I'm so sorry for your loss.


----------



## Tanna (Jan 29, 2009)

So Sorry, that is very sad news. Run free little girl.


----------



## svdreamer (Feb 20, 2010)

I am so sorry. That is such sad news. RIP little one.


----------



## foggy (Oct 12, 2009)

I'm so very sorry.  I know that must have been so hard. RIP little girl. xx


----------



## Brodysmom (Jan 8, 2009)

So very sorry. She was beautiful. She will be missed.


----------



## chihuahualondon (Nov 17, 2009)

Omg so sorry RIP Verbena


----------



## BellaLina's Mom (Mar 16, 2007)

I'm so sorry! She was beautiful and cute. Rest in peace, Verbena.


----------



## QUIGLEY'S MOM (Jan 12, 2010)

RIP little Angel. So sorry. ((((HUGS)))).


----------



## Deme (Aug 18, 2009)

((((HUGS)))) RIP little one


----------



## Terri (Aug 21, 2009)

OMG!! i am so sorry to hear that.
I didnt even know she was unwell.
R.I.P angel baby. xxxxx


----------



## tulula's mum (Jan 4, 2010)

so sorry robyn, big hugs from all of us. rip verbena


----------



## Bella Luna (Jan 15, 2010)

Oh no! Did I miss a post or something?!?!?!

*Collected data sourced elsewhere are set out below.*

(* Assume (A1). Let $W_1,W_2,\dots$ be i.i.d. copies of $V$. Then, as $n/K\to\infty$, $$\sum_{k=0}^{\infty}b^k\,\mathbf P\Big(n\prod_{j=1}^{k}W_j\ge K\Big)=(\mu^{-1}+o(1))\frac nK .$$ Equivalently, the expected number of vertices $v$ of $S_b$ with $M_v^n\ge K$ is $(\mu^{-1}+o(1))\,n/K$.
   Context: $b\ge2$ is an integer and $\mathcal V=(V_1,\dots,V_b)$ is a random vector with $V_i\ge0$, $\sum_iV_i=1$ and identically distributed components; $V$ has their common law. $S_b$ is the infinite rooted tree in which each vertex has $b$ children labelled $1,\dots,b$, and each vertex $u$ carries an independent copy $\mathcal V_u$ of $\mathcal V$. For a vertex $v$ at depth $d$ with path root $=u_0,u_1,\dots,u_d=v$, where $u_j$ is the $i_j$-th child of $u_{j-1}$, let $W_{j,v}$ be the $i_j$-th component of $\mathcal V_{u_{j-1}}$, and $M_v^n:=n\prod_{j=1}^dW_{j,v}$ (empty product $=1$). $\mu:=b\,\mathbf E(-V\ln V)$. Assumption (A1): $\mathbf P(V=0)=\mathbf P(V=1)=0$ and $-\ln V$ has a non-lattice distribution. *)

theory Defs
  imports "HOL-Probability.Probability"
begin

definition lattice_law :: "real measure \<Rightarrow> bool" where
  "lattice_law N \<longleftrightarrow>
     (\<exists>a h. h > 0 \<and> (AE x in N. \<exists>z::int. x = a + h * of_int z))"

end

theory Submission
  imports Defs "HOL-Real_Asymp.Real_Asymp"
begin
(* Let $p_1,p_2\ge1$ be integers and let $0\le\alpha_1<p_1$, $0\le\alpha_2<p_2$. Then for every $k\in\mathbb R$, $$\int_{\mathbb R} D^{\alpha_1}_{-\infty,x}\phi_{p_1}(x)\,D^{\alpha_2}_{x,+\infty}\phi_{p_2}(x+k)\,dx = D^{\alpha_1+\alpha_2}_{-\infty,x}\phi_{p_1+p_2+1}(p_2+1-k),$$ $$\int_{\mathbb R} D^{\alpha_1}_{x,+\infty}\phi_{p_1}(x)\,D^{\alpha_2}_{-\infty,x}\phi_{p_2}(x+k)\,dx = D^{\alpha_1+\alpha_2}_{x,+\infty}\phi_{p_1+p_2+1}(p_2+1-k),$$ where $D^{\beta}_{\cdot}\phi_q(y)$ denotes the fractional derivative (as a function of $x$) evaluated at $x=y$.
   Context: The cardinal B-spline $\phi_p:\mathbb R\to\mathbb R$ is defined by $\phi_0(t)=1$ for $t\in[0,1)$, $\phi_0(t)=0$ otherwise, and $\phi_p(t)=\frac{t}{p}\phi_{p-1}(t)+\frac{p+1-t}{p}\phi_{p-1}(t-1)$ for $p\ge1$; it belongs to $C^{p-1}(\mathbb R)$ and is supported on $[0,p+1]$. For a compactly supported function $u$ with absolutely continuous $(m-1)$-th derivative on $\mathbb R$, where $m$ is the integer with $m-1\le\alpha<m$, the half-axis Riemann–Liouville fractional derivatives are $D^{\alpha}_{-\infty,x}u(x)=\frac{1}{\Gamma(m-\alpha)}\frac{d^m}{dx^m}\int_{-\infty}^x (x-y)^{m-\alpha-1}u(y)\,dy$ and $D^{\alpha}_{x,+\infty}u(x)=\frac{(-1)^m}{\Gamma(m-\alpha)}\frac{d^m}{dx^m}\int_x^{+\infty}(y-x)^{m-\alpha-1}u(y)\,dy$. *)

theory Defs
  imports "HOL-Analysis.Analysis"
begin

text \<open>Cardinal B-spline phi_p, defined by the Cox--de Boor recursion.\<close>
fun bspline :: "nat \<Rightarrow> real \<Rightarrow> real" where
  "bspline 0 t = (if 0 \<le> t \<and> t < 1 then 1 else 0)"
| "bspline (Suc p) t =
     t / real (Suc p) * bspline p t + (real (Suc p) + 1 - t) / real (Suc p) * bspline p (t - 1)"

definition frac_ord :: "real \<Rightarrow> nat" where
  "frac_ord \<alpha> = nat \<lfloor>\<alpha>\<rfloor> + 1"

definition RL_left :: "real \<Rightarrow> (real \<Rightarrow> real) \<Rightarrow> real \<Rightarrow> real" where
  "RL_left \<alpha> u x =
     (deriv ^^ frac_ord \<alpha>)
       (\<lambda>z. integral {..z} (\<lambda>y. (z - y) powr (real (frac_ord \<alpha>) - \<alpha> - 1) * u y)) x
     / Gamma (real (frac_ord \<alpha>) - \<alpha>)"

definition RL_right :: "real \<Rightarrow> (real \<Rightarrow> real) \<Rightarrow> real \<Rightarrow> real" where
  "RL_right \<alpha> u x =
     (-1) ^ frac_ord \<alpha> / Gamma (real (frac_ord \<alpha>) - \<alpha>) *
     (deriv ^^ frac_ord \<alpha>)
       (\<lambda>z. integral {z..} (\<lambda>y. (y - z) powr (real (frac_ord \<alpha>) - \<alpha> - 1) * u y)) x"

end

(* Every function in the theorem is a generalized B-spline: the (p+1)-st backward difference of the
   truncated power x_+^gamma, divided by Gamma(gamma + 1); phi_p is the case gamma = p.  The fractional
   integral inside a Riemann-Liouville derivative of order alpha is a Beta integral, mapping x_+^gamma
   to a multiple of x_+^(gamma + m - alpha), and the m remaining derivatives then lower the exponent to
   gamma - alpha.  The integrals in the theorem are convolutions of two such splines: the Beta integral
   convolves truncated powers, x_+^a * x_+^b = B(a + 1, b + 1) x_+^(a + b + 1), and Vandermonde's identity
   merges the two difference operators into one of order p1 + p2 + 2. *)

theory Submission
  imports Defs
begin
fun run_protocol :: "('x, 'y) protocol \<Rightarrow> 'x \<Rightarrow> 'y \<Rightarrow> bool" where
  "run_protocol (Leaf v) xa yb = v"
| "run_protocol (AliceNode m p0 p1) xa yb =
     (if m xa then run_protocol p1 xa yb else run_protocol p0 xa yb)"
| "run_protocol (BobNode m p0 p1) xa yb =
     (if m yb then run_protocol p1 xa yb else run_protocol p0 xa yb)"

fun protocol_cost :: "('x, 'y) protocol \<Rightarrow> nat" where
  "protocol_cost (Leaf v) = 0"
| "protocol_cost (AliceNode m p0 p1) = Suc (max (protocol_cost p0) (protocol_cost p1))"
| "protocol_cost (BobNode m p0 p1) = Suc (max (protocol_cost p0) (protocol_cost p1))"

text \<open>A public-coin randomized protocol is a probability distribution over deterministic
  protocols (the public coins select the deterministic protocol).\<close>
type_synonym ('x, 'y) rand_protocol = "('x, 'y) protocol pmf"

definition rand_cost_le :: "('x, 'y) rand_protocol \<Rightarrow> real \<Rightarrow> bool" where
  "rand_cost_le R c \<longleftrightarrow> (\<forall>p \<in> set_pmf R. real (protocol_cost p) \<le> c)"

definition error_prob :: "('x, 'y) rand_protocol \<Rightarrow> 'x \<Rightarrow> 'y \<Rightarrow> bool \<Rightarrow> real" where
  "error_prob R xa yb v = measure_pmf.prob R {p. run_protocol p xa yb \<noteq> v}"

text \<open>Inputs in {0,1}^n are represented as x :: nat \<Rightarrow> bool (only x 0 .. x (n-1) matter).
  Degree-1 threshold function: f(x) = 1 iff sum a_i x_i \<le> b.\<close>
definition threshold_fn :: "nat \<Rightarrow> (nat \<Rightarrow> int) \<Rightarrow> int \<Rightarrow> (nat \<Rightarrow> bool) \<Rightarrow> bool" where
  "threshold_fn n a b x \<longleftrightarrow> (\<Sum>i<n. a i * (if x i then 1 else 0)) \<le> b"

text \<open>The view of a player who sees exactly the variables in S.\<close>
definition view :: "nat set \<Rightarrow> (nat \<Rightarrow> bool) \<Rightarrow> (nat \<Rightarrow> bool)" where
  "view S x = (\<lambda>i. if i \<in> S then x i else False)"

end

theory Submission
  imports Defs
begin

text \<open>Alice's partial sum is to be compared with Bob's residual threshold. Replacing both by their
  ranks among the at most \<open>2^(n+1)\<close> values such sums can take (even ranks for Alice, odd ones
  for Bob) turns this into deciding \<open>i < j\<close> for distinct numbers of \<open>M = 2^k \<approx> n\<close> bits. For that
  the players run a noisy binary search for the length of the common prefix of \<open>i\<close> and \<open>j\<close>
  over the dyadic intervals of \<open>{0..<2^k}\<close>: whether the prefixes of length \<open>l\<close> agree is tested
  by comparing \<open>6\<close>-bit random hashes, which errs with probability at most \<open>1/64\<close>, and the search
  backs up whenever the current interval looks inconsistent. A potential that rises with every
  reliable step and drops by at most one otherwise shows that \<open>3k\<close> steps find the prefix
  unless more than \<open>k\<close> of them are unreliable, which has probability at most
  \<open>(3k choose k+1) (3/64)^(k+1) \<le> 2^-k = O(1/n)\<close>; each step costs \<open>O(1)\<close> bits.\<close>

section \<open>Bad steps of a walk driven by independent coins\<close>

fun bad_steps :: "('c \<Rightarrow> 's \<Rightarrow> 's) \<Rightarrow> ('c \<Rightarrow> 's \<Rightarrow> bool) \<Rightarrow> 'c list \<Rightarrow> 's \<Rightarrow> nat" where
  "bad_steps step bad [] s = 0"
| "bad_steps step bad (c # cs) s = (if bad c s then 1 else 0) + bad_steps step bad cs (step c s)"
(* Fix $0<\epsilon<1$ and let $\lambda_n=\frac{1-\epsilon}{n}$. Then there exists a constant $\kappa'>0$ such that, with probability tending to $1$ as $n\to\infty$, every component of the random induced subgraph $\Gamma_n$ of $Q_2^n$ has at most $\kappa' n$ vertices.
   Context: $Q_2^n$ is the binary $n$-cube: vertex set $\mathbb{F}_2^n$, two vertices adjacent iff they differ in exactly one coordinate. $\Gamma_n$ is the subgraph of $Q_2^n$ induced by a random vertex set in which each vertex is included independently with probability $\lambda_n$. A component is a maximal connected induced subgraph. *)

theory Defs
  imports "HOL-Probability.Probability"
begin

definition cube :: "nat \<Rightarrow> bool list set" where
  "cube n = {x. length x = n}"

definition cube_adj :: "nat \<Rightarrow> bool list \<Rightarrow> bool list \<Rightarrow> bool" where
  "cube_adj n x y \<longleftrightarrow> x \<in> cube n \<and> y \<in> cube n \<and> card {i. i < n \<and> x ! i \<noteq> y ! i} = 1"

definition induced_adj :: "nat \<Rightarrow> bool list set \<Rightarrow> bool list \<Rightarrow> bool list \<Rightarrow> bool" where
  "induced_adj n S x y \<longleftrightarrow> x \<in> S \<and> y \<in> S \<and> cube_adj n x y"

definition component :: "nat \<Rightarrow> bool list set \<Rightarrow> bool list \<Rightarrow> bool list set" where
  "component n S x = {y. (induced_adj n S)\<^sup>*\<^sup>* x y}"

definition components_bounded :: "nat \<Rightarrow> bool list set \<Rightarrow> real \<Rightarrow> bool" where
  "components_bounded n S b \<longleftrightarrow> (\<forall>x\<in>S. real (card (component n S x)) \<le> b)"

definition random_vertex_set :: "nat \<Rightarrow> real \<Rightarrow> bool list set pmf" where
  "random_vertex_set n p =
     map_pmf (\<lambda>f. {x \<in> cube n. f x}) (Pi_pmf (cube n) False (\<lambda>_. bernoulli_pmf p))"

end

theory Submission
  imports Defs "HOL-Real_Asymp.Real_Asymp"
begin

I know this must have been so hard for you! Rest in peace little Verbena!!


----------



## OurCheekyChihuahuas (Nov 18, 2009)

Terri said:


> OMG!! i am so sorry to hear that.
> I didnt even know she was unwell.
> R.I.P angel baby. xxxxx


Thanks everyone she will be sadly missed! Thank you Terri, it was all rather sudden, thank the lord that everyone else is fine and healthy x


----------



## 18453 (Feb 6, 2010)

Ah babe my little baby. She's in a good place and will always have a special place in our hearts. Rip little lady bena x x


----------



## jade_carr (Jul 7, 2009)

awe rest in peace little one. xx


----------



## sugarbaby (Dec 21, 2009)

my thought are with you  rip little one


----------



## BABY BABS (Feb 5, 2008)

I'm so sorry to hear that. Run free, Verbena.


----------



## FBRaRrN (May 1, 2006)

OH NO! I am so sorry.I send hugs and my chis send kisses.
P.S. Have I missed a post or something.


----------



## Kioana (Mar 1, 2005)

Sorry for your lost, what was wrong
She looked so healthy


----------



## pigeonsheep (Nov 8, 2008)

aw cheeky im so sorry


----------



## thisbella (Feb 7, 2010)

Sorry to hear this sad news. RIP little venbena


----------



## KittyD (Apr 2, 2010)

Wow... very sorrry.. do you mind sharing what happened? she looked teeny but healthy.
What went wrong?

I was rooting for that baby :-(


----------



## OurCheekyChihuahuas (Nov 18, 2009)

Its all due to visitors visiting multiple homes/litters on the same day. Which i do not agree with and she lied and said she hadnt been to see any yet and that Hopes was the first litter, since her search for starting to look for a chihuahua puppy.


----------



## KittyD (Apr 2, 2010)

I guess I'm still confused.. are you saying she got sick from a visitor? .. with what?


----------



## OurCheekyChihuahuas (Nov 18, 2009)

Yes from a visitor. She had visited 5 litters on that one day before coming to see me. Its the dangers of doing it any breeder should highly recommend NOT doing it


----------



## Fizzy Chihuahuas (Mar 8, 2010)

Ohh I'm so sorry to hear this sad news ... My heart goes out to you ..
RIP little one


----------



## LiMarChis (Mar 29, 2010)

I'm so sorry, darlin. This is one of the hardest decisions we face with puppies. Sometimes things are just out of our hands. You know you did everything possible and in the end, did what was best for her, not what was easiet for you. 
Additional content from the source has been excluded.